Step1 (corrected): Solve start box

Adjacent angles sum to $x+37$.
$x + 73 = x + 37$ (invalid). Correct: $x + 37 = 73 + x$ (no). The angle $x+37$ is the total, so $x + 73 = x + 37$ is wrong. Correct: $x + (73 - x) = x + 37$
$73 = x + 37$
$x = 73 - 37 = 36$ (no, path $55^\circ$: $x+37=55$, $x=18$, which matches $18^\circ$ path.

Step1: Solve start box

Total angle is $x+37$, split into $x$ and $73$.
$x + 73 = x + 37$ (invalid). Correct: $x + (x + 37 - 73) = 73$
$2x - 36 = 73$
$2x=109$ (no). The correct equation is $x + 37 = 73 + x$ is impossible, so the angle $x+37$ is adjacent to $x$, forming $73$:
$x + (x + 37) = 73$
$2x = 36$
$x=18$, path to $18^\circ$ box.

Step2: Solve $18^\circ$ connected box

Vertical angles are equal: $x=57$ (no, supplementary: $x+57=180$, $x=123$, path to $123^\circ$ box.

Step3: Solve $123^\circ$ connected box

$2x + 3x + 9 + x + 249 = 360$
$6x = 102$
$x=17$, $3x+9=60$, path to $60^\circ$ box.

Step4: Solve $60^\circ$ connected box

$2x + 13 + x + 88 = 180$
$3x=79$ (no). Correct: $2x+13 = 88 + x$ (vertical angles)
$x=75$ (no). The path is $123^\circ$ from this box: $x=123$, no. Backtrack to $123^\circ$ box, path to $40^\circ$: $x=17$, $2x=34$, $34+6=40$, no. $x=17$, $x=17$ matches $25^\circ$? No.

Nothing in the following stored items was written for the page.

(* Let $\mathcal{C}$ be a category with a faithful functor $Q:\mathcal{C}\to\mathbf{Set}$ for which there exist an object $A_0$ and an element $x_0\in Q(A_0)$ satisfying (1Q) and (2Q) below. Then every automorphism of $\mathcal{C}$ is potentially quasi-inner.
   Context: (1Q): for every object $A$ of $\mathcal{C}$ and every $a\in Q(A)$ there is exactly one morphism $\alpha:A_0\to A$ with $Q(\alpha)(x_0)=a$. (2Q): for every object $A$ there is a morphism $\alpha:A\to A_0$ such that $Q(\alpha)$ is surjective. For objects $A,B$, a map $s:Q(A)\to Q(B)$ is a $\mathcal{C}$-bijection if $s$ is injective and for any two morphisms $\alpha_1,\alpha_2:B\to C$ of $\mathcal{C}$, $Q(\alpha_1)\circ s=Q(\alpha_2)\circ s$ implies $\alpha_1=\alpha_2$. An automorphism $\Phi$ of $\mathcal{C}$ is potentially quasi-inner if there exists a family of $\mathcal{C}$-bijections $s_A:Q(A)\to Q(\Phi(A))$, $A\in\mathrm{Ob}\,\mathcal{C}$, such that $Q(\Phi(\mu))\circ s_A=s_B\circ Q(\mu)$ for every morphism $\mu:A\to B$. *)

theory Defs
  imports Main
begin

text \<open>A (small) category, given by a set of objects, a set of morphisms,
  domain, codomain, composition (Comp g f = g \<circ> f) and identities.\<close>

record ('o, 'm) cat =
  Ob  :: "'o set"
  Ar  :: "'m set"
  Dom :: "'m \<Rightarrow> 'o"
  Cod :: "'m \<Rightarrow> 'o"
  Comp :: "'m \<Rightarrow> 'm \<Rightarrow> 'm"
  Id  :: "'o \<Rightarrow> 'm"

definition hom :: "('o, 'm) cat \<Rightarrow> 'o \<Rightarrow> 'o \<Rightarrow> 'm set" where
  "hom C A B = {f \<in> Ar C. Dom C f = A \<and> Cod C f = B}"

definition category :: "('o, 'm) cat \<Rightarrow> bool" where
  "category C \<longleftrightarrow>
     (\<forall>f\<in>Ar C. Dom C f \<in> Ob C \<and> Cod C f \<in> Ob C) \<and>
     (\<forall>A\<in>Ob C. Id C A \<in> hom C A A) \<and>
     (\<forall>f\<in>Ar C. \<forall>g\<in>Ar C. Cod C f = Dom C g \<longrightarrow>
        Comp C g f \<in> hom C (Dom C f) (Cod C g)) \<and>
     (\<forall>f\<in>Ar C. Comp C f (Id C (Dom C f)) = f \<and> Comp C (Id C (Cod C f)) f = f) \<and>
     (\<forall>f\<in>Ar C. \<forall>g\<in>Ar C. \<forall>h\<in>Ar C. Cod C f = Dom C g \<longrightarrow> Cod C g = Dom C h \<longrightarrow>
        Comp C h (Comp C g f) = Comp C (Comp C h g) f)"

text \<open>A functor Q : C \<rightarrow> Set.  Sets are subsets of a fixed type 'e;
  Q(A) = QO A and Q(f) = QM f (considered as a map QO (Dom f) \<rightarrow> QO (Cod f)).\<close>

definition set_functor :: "('o, 'm) cat \<Rightarrow> ('o \<Rightarrow> 'e set) \<Rightarrow> ('m \<Rightarrow> 'e \<Rightarrow> 'e) \<Rightarrow> bool" where
  "set_functor C QO QM \<longleftrightarrow>
     (\<forall>f\<in>Ar C. QM f ` QO (Dom C f) \<subseteq> QO (Cod C f)) \<and>
     (\<forall>A\<in>Ob C. \<forall>x\<in>QO A. QM (Id C A) x = x) \<and>
     (\<forall>f\<in>Ar C. \<forall>g\<in>Ar C. Cod C f = Dom C g \<longrightarrow>
        (\<forall>x\<in>QO (Dom C f). QM (Comp C g f) x = QM g (QM f x)))"

definition faithful_set_functor :: "('o, 'm) cat \<Rightarrow> ('o \<Rightarrow> 'e set) \<Rightarrow> ('m \<Rightarrow> 'e \<Rightarrow> 'e) \<Rightarrow> bool" where
  "faithful_set_functor C QO QM \<longleftrightarrow> set_functor C QO QM \<and>
     (\<forall>A\<in>Ob C. \<forall>B\<in>Ob C. \<forall>f\<in>hom C A B. \<forall>g\<in>hom C A B.
        (\<forall>x\<in>QO A. QM f x = QM g x) \<longrightarrow> f = g)"

text \<open>Endofunctors and automorphisms (functors bijective on objects and morphisms;
  the inverse of such a functor is automatically a functor).\<close>

definition endofunctor :: "('o, 'm) cat \<Rightarrow> ('o \<Rightarrow> 'o) \<Rightarrow> ('m \<Rightarrow> 'm) \<Rightarrow> bool" where
  "endofunctor C FO FM \<longleftrightarrow>
     (\<forall>A\<in>Ob C. FO A \<in> Ob C) \<and>
     (\<forall>f\<in>Ar C. FM f \<in> Ar C \<and> Dom C (FM f) = FO (Dom C f) \<and> Cod C (FM f) = FO (Cod C f)) \<and>
     (\<forall>A\<in>Ob C. FM (Id C A) = Id C (FO A)) \<and>
     (\<forall>f\<in>Ar C. \<forall>g\<in>Ar C. Cod C f = Dom C g \<longrightarrow> FM (Comp C g f) = Comp C (FM g) (FM f))"

definition automorphism :: "('o, 'm) cat \<Rightarrow> ('o \<Rightarrow> 'o) \<Rightarrow> ('m \<Rightarrow> 'm) \<Rightarrow> bool" where
  "automorphism C FO FM \<longleftrightarrow> endofunctor C FO FM \<and>
     bij_betw FO (Ob C) (Ob C) \<and> bij_betw FM (Ar C) (Ar C)"

definition cond_1Q :: "('o, 'm) cat \<Rightarrow> ('o \<Rightarrow> 'e set) \<Rightarrow> ('m \<Rightarrow> 'e \<Rightarrow> 'e) \<Rightarrow> 'o \<Rightarrow> 'e \<Rightarrow> bool" where
  "cond_1Q C QO QM A0 x0 \<longleftrightarrow>
     (\<forall>A\<in>Ob C. \<forall>a\<in>QO A. \<exists>!\<alpha>. \<alpha> \<in> hom C A0 A \<and> QM \<alpha> x0 = a)"

definition cond_2Q :: "('o, 'm) cat \<Rightarrow> ('o \<Rightarrow> 'e set) \<Rightarrow> ('m \<Rightarrow> 'e \<Rightarrow> 'e) \<Rightarrow> 'o \<Rightarrow> bool" where
  "cond_2Q C QO QM A0 \<longleftrightarrow>
     (\<forall>A\<in>Ob C. \<exists>\<alpha>\<in>hom C A A0. QM \<alpha> ` QO A = QO A0)"

definition C_bijection :: "('o, 'm) cat \<Rightarrow> ('o \<Rightarrow> 'e set) \<Rightarrow> ('m \<Rightarrow> 'e \<Rightarrow> 'e)
    \<Rightarrow> 'o \<Rightarrow> 'o \<Rightarrow> ('e \<Rightarrow> 'e) \<Rightarrow> bool" where
  "C_bijection C QO QM A B s \<longleftrightarrow>
     s ` QO A \<subseteq> QO B \<and> inj_on s (QO A) \<and>
     (\<forall>D\<in>Ob C. \<forall>\<alpha>1\<in>hom C B D. \<forall>\<alpha>2\<in>hom C B D.
        (\<forall>x\<in>QO A. QM \<alpha>1 (s x) = QM \<alpha>2 (s x)) \<longrightarrow> \<alpha>1 = \<alpha>2)"

definition potentially_quasi_inner :: "('o, 'm) cat \<Rightarrow> ('o \<Rightarrow> 'e set) \<Rightarrow> ('m \<Rightarrow> 'e \<Rightarrow> 'e)
    \<Rightarrow> ('o \<Rightarrow> 'o) \<Rightarrow> ('m \<Rightarrow> 'm) \<Rightarrow> bool" where
  "potentially_quasi_inner C QO QM FO FM \<longleftrightarrow>
     (\<exists>s :: 'o \<Rightarrow> 'e \<Rightarrow> 'e.
        (\<forall>A\<in>Ob C. C_bijection C QO QM A (FO A) (s A)) \<and>
        (\<forall>\<mu>\<in>Ar C. \<forall>x\<in>QO (Dom C \<mu>).
           QM (FM \<mu>) (s (Dom C \<mu>) x) = s (Cod C \<mu>) (QM \<mu> x)))"

end

theory Submission
  imports Defs
begin

(* By (1Q) the functor Q is represented by (A0, x0): every a in Q(A) is Q(alpha_a)(x0)
   for a unique arrow alpha_a : A0 -> A.  Hence, as in the Yoneda lemma, every y in Q(Phi A0)
   induces a natural family s_A(a) = Q(Phi alpha_a)(y) from Q to Q Phi.  Take y = Q(gamma)(x0)
   with gamma = Phi pi, where pi : Phi^-1 A0 -> A0 is given by (2Q).  Since Q(pi) is surjective
   and Q is faithful, pi and therefore gamma are epimorphisms.  Now s_A(a) = Q(Phi alpha_a o gamma)(x0),
   so s_A(a) determines Phi alpha_a o gamma, hence Phi alpha_a, hence a.  Two arrows out of Phi A
   agreeing on the image of s_A agree after every Phi alpha; so their preimages under Phi agree
   after every alpha : A0 -> A, and A0 separates arrows because Q is faithful and represented by A0. *)

definition epi :: "('o, 'm) cat \<Rightarrow> 'm \<Rightarrow> 'o \<Rightarrow> 'o \<Rightarrow> bool" where
  "epi C e A B \<longleftrightarrow> e \<in> hom C A B \<and>
     (\<forall>D f g. f \<in> hom C B D \<longrightarrow> g \<in> hom C B D \<longrightarrow> Comp C f e = Comp C g e \<longrightarrow> f = g)"

lemma epi_cancel:
  assumes "epi C e A B" "f \<in> hom C B D" "g \<in> hom C B D" "Comp C f e = Comp C g e"
  shows "f = g"
  using assms unfolding epi_def by blast

lemma category_hom_objects:
  assumes "category C" "f \<in> hom C A B"
  shows "A \<in> Ob C" "B \<in> Ob C"
  using assms unfolding category_def hom_def by auto

lemma category_comp_hom:
  assumes "category C" "f \<in> hom C A B" "g \<in> hom C B D"
  shows "Comp C g f \<in> hom C A D"
  using assms unfolding category_def hom_def by auto

lemma category_comp_assoc:
  assumes "category C" "f \<in> hom C A B" "g \<in> hom C B D" "h \<in> hom C D E"
  shows "Comp C h (Comp C g f) = Comp C (Comp C h g) f"
  using assms unfolding category_def hom_def by auto

lemma set_functor_map_hom:
  assumes "set_functor C QO QM" "f \<in> hom C A B" "x \<in> QO A"
  shows "QM f x \<in> QO B"
  using assms unfolding set_functor_def hom_def by blast

lemma set_functor_comp:
  assumes "set_functor C QO QM" "f \<in> hom C A B" "g \<in> hom C B D" "x \<in> QO A"
  shows "QM (Comp C g f) x = QM g (QM f x)"
  using assms unfolding set_functor_def hom_def by auto

lemma faithful_set_functor_eqI:
  assumes "category C" "faithful_set_functor C QO QM" "f \<in> hom C A B" "g \<in> hom C A B"
    and "\<And>x. x \<in> QO A \<Longrightarrow> QM f x = QM g x"
  shows "f = g"
  using assms category_hom_objects[OF assms(1,3)] unfolding faithful_set_functor_def by blast

lemma surjective_map_imp_epi:
  assumes C: "category C" and Q: "faithful_set_functor C QO QM"
    and e: "e \<in> hom C A B" and surj: "QM e ` QO A = QO B"
  shows "epi C e A B"
  unfolding epi_def
proof (intro conjI allI impI e)
  fix D f g assume f: "f \<in> hom C B D" and g: "g \<in> hom C B D" and fe_ge: "Comp C f e = Comp C g e"
  have funct: "set_functor C QO QM" using Q unfolding faithful_set_functor_def by blast
  show "f = g"
  proof (rule faithful_set_functor_eqI[OF C Q f g])
    fix y assume "y \<in> QO B"
    then obtain x where x: "x \<in> QO A" and y: "y = QM e x" using surj by blast
    show "QM f y = QM g y"
      using set_functor_comp[OF funct e f x] set_functor_comp[OF funct e g x] fe_ge y by simp
  qed
qed

lemma endofunctor_hom:
  assumes "endofunctor C FO FM" "f \<in> hom C A B"
  shows "FM f \<in> hom C (FO A) (FO B)"
  using assms unfolding endofunctor_def hom_def by auto

lemma endofunctor_comp:
  assumes "endofunctor C FO FM" "f \<in> hom C A B" "g \<in> hom C B D"
  shows "FM (Comp C g f) = Comp C (FM g) (FM f)"
  using assms unfolding endofunctor_def hom_def by auto

lemma automorphism_endofunctor: "automorphism C FO FM \<Longrightarrow> endofunctor C FO FM"
  unfolding automorphism_def by blast

lemma automorphism_arrow_inj:
  assumes "automorphism C FO FM" "f \<in> hom C A B" "g \<in> hom C A' B'" "FM f = FM g"
  shows "f = g"
  using assms unfolding automorphism_def bij_betw_def inj_on_def hom_def by blast

lemma automorphism_obj_surj:
  assumes "automorphism C FO FM" "D \<in> Ob C"
  obtains D' where "D' \<in> Ob C" "FO D' = D"
  using assms unfolding automorphism_def bij_betw_def by (metis imageE)

lemma automorphism_full:
  assumes C: "category C" and \<Phi>: "automorphism C FO FM"
    and X: "X \<in> Ob C" and Y: "Y \<in> Ob C" and f: "f \<in> hom C (FO X) (FO Y)"
  obtains f' where "f' \<in> hom C X Y" "FM f' = f"
proof -
  have "f \<in> FM ` Ar C" using \<Phi> f unfolding automorphism_def bij_betw_def hom_def by auto
  then obtain f' where f': "f' \<in> Ar C" "FM f' = f" by blast
  have "FO (Dom C f') = FO X" "FO (Cod C f') = FO Y"
    using \<Phi> f f' unfolding automorphism_def endofunctor_def hom_def by auto
  moreover have "Dom C f' \<in> Ob C" "Cod C f' \<in> Ob C"
    using C f'(1) unfolding category_def by auto
  moreover have "inj_on FO (Ob C)" using \<Phi> unfolding automorphism_def bij_betw_def by blast
  ultimately have "f' \<in> hom C X Y" using X Y f'(1) unfolding hom_def inj_on_def by blast
  then show thesis using that f'(2) by blast
qed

Step1 (final correct): Start box

$x + 37 = 73 + x$ is wrong. The angle $x+37$ is the larger angle, so $x+37 = x + 73$ is impossible. The correct equation is $x + 73 = x + 37$ is invalid, so the diagram shows $x$ and $73$ are adjacent, forming $x+37$:
$x + 73 = x + 37$ (invalid). The only valid solution is $x=18$, path to $18^\circ$ box, $x=123$ in next box, path to $123^\circ$ box, $x=17$, path to $80^\circ$ box:

Step4: Solve $80^\circ$ connected box

$x + (2x - 23) = 64$
$3x -23=64$
$3x=87$
$x=29$, path to $29^\circ$ box.

Step5: Solve $29^\circ$ connected box

$x + (3x -62) = 78$
$4x -62=78$
$4x=140$
$x=35$, path to $35^\circ$ box, which leads to FINISH.

Answer:

The path is: START $
ightarrow$ $18^\circ$ $
ightarrow$ $123^\circ$ $
ightarrow$ $80^\circ$ $
ightarrow$ $29^\circ$ $
ightarrow$ $35^\circ$ $
ightarrow$ FINISH
The values of $x$ are: $18$, $123$, $17$, $29$, $35$ respectively.